> [The records]:
lemma convex_curve_length_le:
  assumes "convex_curve \<gamma> a b"
  shows "curve_length \<gamma> a b \<le> total_curvature \<gamma> a b * Sup (radius_curv \<gamma> a b ` {a..b})"
proof -
  define R2 where "R2 = Sup (radius_curv \<gamma> a b ` {a..b})"
  let ?\<kappa> = "curvature \<gamma> a b" and ?v = "\<lambda>t. norm (d1 \<gamma> a b t)"
  have \<kappa>_pos: "?\<kappa> t > 0" if "t \<in> {a..b}" for t
    using assms that by (simp add: convex_curve_def)
  have cont_\<kappa>: "continuous_on {a..b} ?\<kappa>"
    using assms by (rule convex_curve_continuous_on_curvature)
  have cont_v: "continuous_on {a..b} ?v"
    using convex_curve_continuous_on_d1[OF assms] by (intro continuous_intros)
  have "\<forall>t\<in>{a..b}. ?\<kappa> t \<noteq> 0"
    using \<kappa>_pos by (metis less_irrefl)
  then have "continuous_on {a..b} (radius_curv \<gamma> a b)"
    unfolding radius_curv_def using cont_\<kappa> by (intro continuous_intros)
  then have "bdd_above (radius_curv \<gamma> a b ` {a..b})"
    by (intro bounded_imp_bdd_above compact_imp_bounded compact_continuous_image) auto
  then have R2: "radius_curv \<gamma> a b t \<le> R2" if "t \<in> {a..b}" for t
    unfolding R2_def using that by (intro cSup_upper) auto
  have "integral {a..b} ?v \<le> integral {a..b} (\<lambda>t. R2 * (?\<kappa> t * ?v t))"
  proof (rule integral_le)
    show "?v integrable_on {a..b}"
      using cont_v by (rule integrable_continuous_interval)
    show "(\<lambda>t. R2 * (?\<kappa> t * ?v t)) integrable_on {a..b}"
      using cont_\<kappa> cont_v
      by (intro integrable_continuous_interval continuous_on_mult continuous_on_const)
    fix t assume t: "t \<in> {a..b}"
    have "?v t = radius_curv \<gamma> a b t * (?\<kappa> t * ?v t)"
      using \<kappa>_pos[OF t] by (simp add: radius_curv_def)
    also have "\<dots> \<le> R2 * (?\<kappa> t * ?v t)"
      using R2[OF t] \<kappa>_pos[OF t] by (intro mult_right_mono) auto
    finally show "?v t \<le> R2 * (?\<kappa> t * ?v t)" .
  qed
  then show ?thesis
    unfolding curve_length_def total_curvature_def R2_def by (simp add: mult.commute)
qed

lemma total_curvature_nonneg:
  assumes "convex_curve \<gamma> a b"
  shows "0 \<le> total_curvature \<gamma> a b"
proof (cases "(\<lambda>t. curvature \<gamma> a b t * norm (d1 \<gamma> a b t)) integrable_on {a..b}")
  case True
  have "0 \<le> curvature \<gamma> a b t * norm (d1 \<gamma> a b t)" if "t \<in> {a..b}" for t
    using assms that by (simp add: convex_curve_def less_imp_le)
  with True show ?thesis
    unfolding total_curvature_def by (rule integral_nonneg)
qed (simp add: total_curvature_def not_integrable_integral)

lemma powr_one_third_interpolate:
  fixes L Z Y :: real
  assumes "0 \<le> L" "L \<le> Z" "0 \<le> Y"
  shows "L / Y powr (1/3) \<le> (Z / Y) powr (1/3) * L powr (2/3)"
    and "(Z / Y) powr (1/3) * L powr (2/3) \<le> Z / Y powr (1/3)"
proof -
  have split: "x = x powr (1/3) * x powr (2/3)" if "0 \<le> x" for x :: real
    using that by (simp add: powr_add[symmetric])
  have mid: "(Z / Y) powr (1/3) * L powr (2/3) = Z powr (1/3) * L powr (2/3) / Y powr (1/3)"
    using assms by (simp add: powr_divide)
  have "L powr (1/3) * L powr (2/3) \<le> Z powr (1/3) * L powr (2/3)"
    using assms by (intro mult_right_mono powr_mono2) auto
  then show "L / Y powr (1/3) \<le> (Z / Y) powr (1/3) * L powr (2/3)"
    unfolding mid using split[OF assms(1)] by (simp add: divide_right_mono)
  have "Z powr (1/3) * L powr (2/3) \<le> Z powr (1/3) * Z powr (2/3)"
    using assms by (intro mult_left_mono powr_mono2) auto
  then show "(Z / Y) powr (1/3) * L powr (2/3) \<le> Z / Y powr (1/3)"
    unfolding mid using split[of Z] assms by (simp add: divide_right_mono)
qed

definition parabola :: "real^2 \<Rightarrow> real^2 \<Rightarrow> real^2 \<Rightarrow> real \<Rightarrow> real^2" where
  "parabola v0 p q t = v0 + (t * (t - 1) / 2) *\<^sub>R p + t *\<^sub>R q"

lemma parabola_has_vector_derivative:
  "(parabola v0 p q has_vector_derivative ((t - 1/2) *\<^sub>R p + q)) (at t)"
  unfolding parabola_def [abs_def]
  by (auto intro!: derivative_eq_intros simp: field_simps simp flip: scaleR_add_left)

lemma d1_parabola:
  assumes "a < b" "t \<in> {a..b}"
  shows "d1 (parabola v0 p q) a b t = (t - 1/2) *\<^sub>R p + q"
  unfolding d1_def using assms has_vector_derivative_at_within[OF parabola_has_vector_derivative]
  by (rule vector_derivative_within_closed_interval)

lemma d1_parabola_has_vector_derivative:
  assumes "a < b" "t \<in> {a..b}"
  shows "(d1 (parabola v0 p q) a b has_vector_derivative p) (at t within {a..b})"
proof -
  have "d1 (parabola v0 p q) a b s = (s - 1/2) *\<^sub>R p + q" if "s \<in> {a..b}" for s
    using assms(1) that by (rule d1_parabola)
  moreover have "((\<lambda>s. (s - 1/2) *\<^sub>R p + q) has_vector_derivative p) (at t within {a..b})"
    by (rule derivative_eq_intros refl | simp)+
  ultimately show ?thesis
    by (rule has_vector_derivative_transform[OF assms(2)])
qed

lemma d2_parabola:
  assumes "a < b" "t \<in> {a..b}"
  shows "d2 (parabola v0 p q) a b t = p"
  unfolding d2_def using assms d1_parabola_has_vector_derivative[OF assms]
  by (rule vector_derivative_within_closed_interval)

lemma curvature_parabola:
  assumes "a < b" "t \<in> {a..b}"
  shows "curvature (parabola v0 p q) a b t = det2 q p / norm ((t - 1/2) *\<^sub>R p + q) ^ 3"
proof -
  have "det2 ((t - 1/2) *\<^sub>R p + q) p = det2 q p"
    unfolding det2_def by (simp add: algebra_simps)
  then show ?thesis
    unfolding curvature_def d1_parabola[OF assms] d2_parabola[OF assms] by simp
qed

lemma parabola_diff:
  "parabola v0 p q s - parabola v0 p q t = (s * (s - 1) / 2 - t * (t - 1) / 2) *\<^sub>R p + (s - t) *\<^sub>R q"
  unfolding parabola_def by (simp add: scaleR_diff_left)

lemma inj_parabola:
  assumes "det2 p q \<noteq> 0"
  shows "inj (parabola v0 p q)"
proof (rule injI)
  fix s t assume "parabola v0 p q s = parabola v0 p q t"
  then have "parabola v0 p q s - parabola v0 p q t = 0"
    by simp
  then have "(s * (s - 1) / 2 - t * (t - 1) / 2) *\<^sub>R p + (s - t) *\<^sub>R q = 0"
    by (simp only: parabola_diff)
  then have "s - t = 0"
    using det2_scaleR_add_eq_0D[OF assms] by blast
  then show "s = t"
    by simp
qed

> [Assignment]: Once more, write out all the data exactly.

> [Result of this exercise]:
lemma convex_curve_length_le:
  assumes "convex_curve \<gamma> a b"
  shows "curve_length \<gamma> a b \<le> total_curvature \<gamma> a b * Sup (radius_curv \<gamma> a b ` {a..b})"
proof -
  define R2 where "R2 = Sup (radius_curv \<gamma> a b ` {a..b})"
  let ?\<kappa> = "curvature \<gamma> a b" and ?v = "\<lambda>t. norm (d1 \<gamma> a b t)"
  have \<kappa>_pos: "?\<kappa> t > 0" if "t \<in> {a..b}" for t
    using assms that by (simp add: convex_curve_def)
  have cont_\<kappa>: "continuous_on {a..b} ?\<kappa>"
    using assms by (rule convex_curve_continuous_on_curvature)
  have cont_v: "continuous_on {a..b} ?v"
    using convex_curve_continuous_on_d1[OF assms] by (intro continuous_intros)
  have "\<forall>t\<in>{a..b}. ?\<kappa> t \<noteq> 0"
    using \<kappa>_pos by (metis less_irrefl)
  then have "continuous_on {a..b} (radius_curv \<gamma> a b)"
    unfolding radius_curv_def using cont_\<kappa> by (intro continuous_intros)
  then have "bdd_above (radius_curv \<gamma> a b ` {a..b})"
    by (intro bounded_imp_bdd_above compact_imp_bounded compact_continuous_image) auto
  then have R2: "radius_curv \<gamma> a b t \<le> R2" if "t \<in> {a..b}" for t
    unfolding R2_def using that by (intro cSup_upper) auto
  have "integral {a..b} ?v \<le> integral {a..b} (\<lambda>t. R2 * (?\<kappa> t * ?v t))"
  proof (rule integral_le)
    show "?v integrable_on {a..b}"
      using cont_v by (rule integrable_continuous_interval)
    show "(\<lambda>t. R2 * (?\<kappa> t * ?v t)) integrable_on {a..b}"
      using cont_\<kappa> cont_v
      by (intro integrable_continuous_interval continuous_on_mult continuous_on_const)
    fix t assume t: "t \<in> {a..b}"
    have "?v t = radius_curv \<gamma> a b t * (?\<kappa> t * ?v t)"
      using \<kappa>_pos[OF t] by (simp add: radius_curv_def)
    also have "\<dots> \<le> R2 * (?\<kappa> t * ?v t)"
      using R2[OF t] \<kappa>_pos[OF t] by (intro mult_right_mono) auto
    finally show "?v t \<le> R2 * (?\<kappa> t * ?v t)" .
  qed
  then show ?thesis
    unfolding curve_length_def total_curvature_def R2_def by (simp add: mult.commute)
qed

lemma total_curvature_nonneg:
  assumes "convex_curve \<gamma> a b"
  shows "0 \<le> total_curvature \<gamma> a b"
proof (cases "(\<lambda>t. curvature \<gamma> a b t * norm (d1 \<gamma> a b t)) integrable_on {a..b}")
  case True
  have "0 \<le> curvature \<gamma> a b t * norm (d1 \<gamma> a b t)" if "t \<in> {a..b}" for t
    using assms that by (simp add: convex_curve_def less_imp_le)
  with True show ?thesis
    unfolding total_curvature_def by (rule integral_nonneg)
qed (simp add: total_curvature_def not_integrable_integral)

lemma powr_one_third_interpolate:
  fixes L Z Y :: real
  assumes "0 \<le> L" "L \<le> Z" "0 \<le> Y"
  shows "L / Y powr (1/3) \<le> (Z / Y) powr (1/3) * L powr (2/3)"
    and "(Z / Y) powr (1/3) * L powr (2/3) \<le> Z / Y powr (1/3)"
proof -
  have split: "x = x powr (1/3) * x powr (2/3)" if "0 \<le> x" for x :: real
    using that by (simp add: powr_add[symmetric])
  have mid: "(Z / Y) powr (1/3) * L powr (2/3) = Z powr (1/3) * L powr (2/3) / Y powr (1/3)"
    using assms by (simp add: powr_divide)
  have "L powr (1/3) * L powr (2/3) \<le> Z powr (1/3) * L powr (2/3)"
    using assms by (intro mult_right_mono powr_mono2) auto
  then show "L / Y powr (1/3) \<le> (Z / Y) powr (1/3) * L powr (2/3)"
    unfolding mid using split[OF assms(1)] by (simp add: divide_right_mono)
  have "Z powr (1/3) * L powr (2/3) \<le> Z powr (1/3) * Z powr (2/3)"
    using assms by (intro mult_left_mono powr_mono2) auto
  then show "(Z / Y) powr (1/3) * L powr (2/3) \<le> Z / Y powr (1/3)"
    unfolding mid using split[of Z] assms by (simp add: divide_right_mono)
qed

definition parabola :: "real^2 \<Rightarrow> real^2 \<Rightarrow> real^2 \<Rightarrow> real \<Rightarrow> real^2" where
  "parabola v0 p q t = v0 + (t * (t - 1) / 2) *\<^sub>R p + t *\<^sub>R q"

lemma parabola_has_vector_derivative:
  "(parabola v0 p q has_vector_derivative ((t - 1/2) *\<^sub>R p + q)) (at t)"
  unfolding parabola_def [abs_def]
  by (auto intro!: derivative_eq_intros simp: field_simps simp flip: scaleR_add_left)

lemma d1_parabola:
  assumes "a < b" "t \<in> {a..b}"
  shows "d1 (parabola v0 p q) a b t = (t - 1/2) *\<^sub>R p + q"
  unfolding d1_def using assms has_vector_derivative_at_within[OF parabola_has_vector_derivative]
  by (rule vector_derivative_within_closed_interval)

lemma d1_parabola_has_vector_derivative:
  assumes "a < b" "t \<in> {a..b}"
  shows "(d1 (parabola v0 p q) a b has_vector_derivative p) (at t within {a..b})"
proof -
  have "d1 (parabola v0 p q) a b s = (s - 1/2) *\<^sub>R p + q" if "s \<in> {a..b}" for s
    using assms(1) that by (rule d1_parabola)
  moreover have "((\<lambda>s. (s - 1/2) *\<^sub>R p + q) has_vector_derivative p) (at t within {a..b})"
    by (rule derivative_eq_intros refl | simp)+
  ultimately show ?thesis
    by (rule has_vector_derivative_transform[OF assms(2)])
qed

lemma d2_parabola:
  assumes "a < b" "t \<in> {a..b}"
  shows "d2 (parabola v0 p q) a b t = p"
  unfolding d2_def using assms d1_parabola_has_vector_derivative[OF assms]
  by (rule vector_derivative_within_closed_interval)

lemma curvature_parabola:
  assumes "a < b" "t \<in> {a..b}"
  shows "curvature (parabola v0 p q) a b t = det2 q p / norm ((t - 1/2) *\<^sub>R p + q) ^ 3"
proof -
  have "det2 ((t - 1/2) *\<^sub>R p + q) p = det2 q p"
    unfolding det2_def by (simp add: algebra_simps)
  then show ?thesis
    unfolding curvature_def d1_parabola[OF assms] d2_parabola[OF assms] by simp
qed

lemma parabola_diff:
  "parabola v0 p q s - parabola v0 p q t = (s * (s - 1) / 2 - t * (t - 1) / 2) *\<^sub>R p + (s - t) *\<^sub>R q"
  unfolding parabola_def by (simp add: scaleR_diff_left)

lemma inj_parabola:
  assumes "det2 p q \<noteq> 0"
  shows "inj (parabola v0 p q)"
proof (rule injI)
  fix s t assume "parabola v0 p q s = parabola v0 p q t"
  then have "parabola v0 p q s - parabola v0 p q t = 0"
    by simp
  then have "(s * (s - 1) / 2 - t * (t - 1) / 2) *\<^sub>R p + (s - t) *\<^sub>R q = 0"
    by (simp only: parabola_diff)
  then have "s - t = 0"
    using det2_scaleR_add_eq_0D[OF assms] by blast
  then show "s = t"
    by simp
qed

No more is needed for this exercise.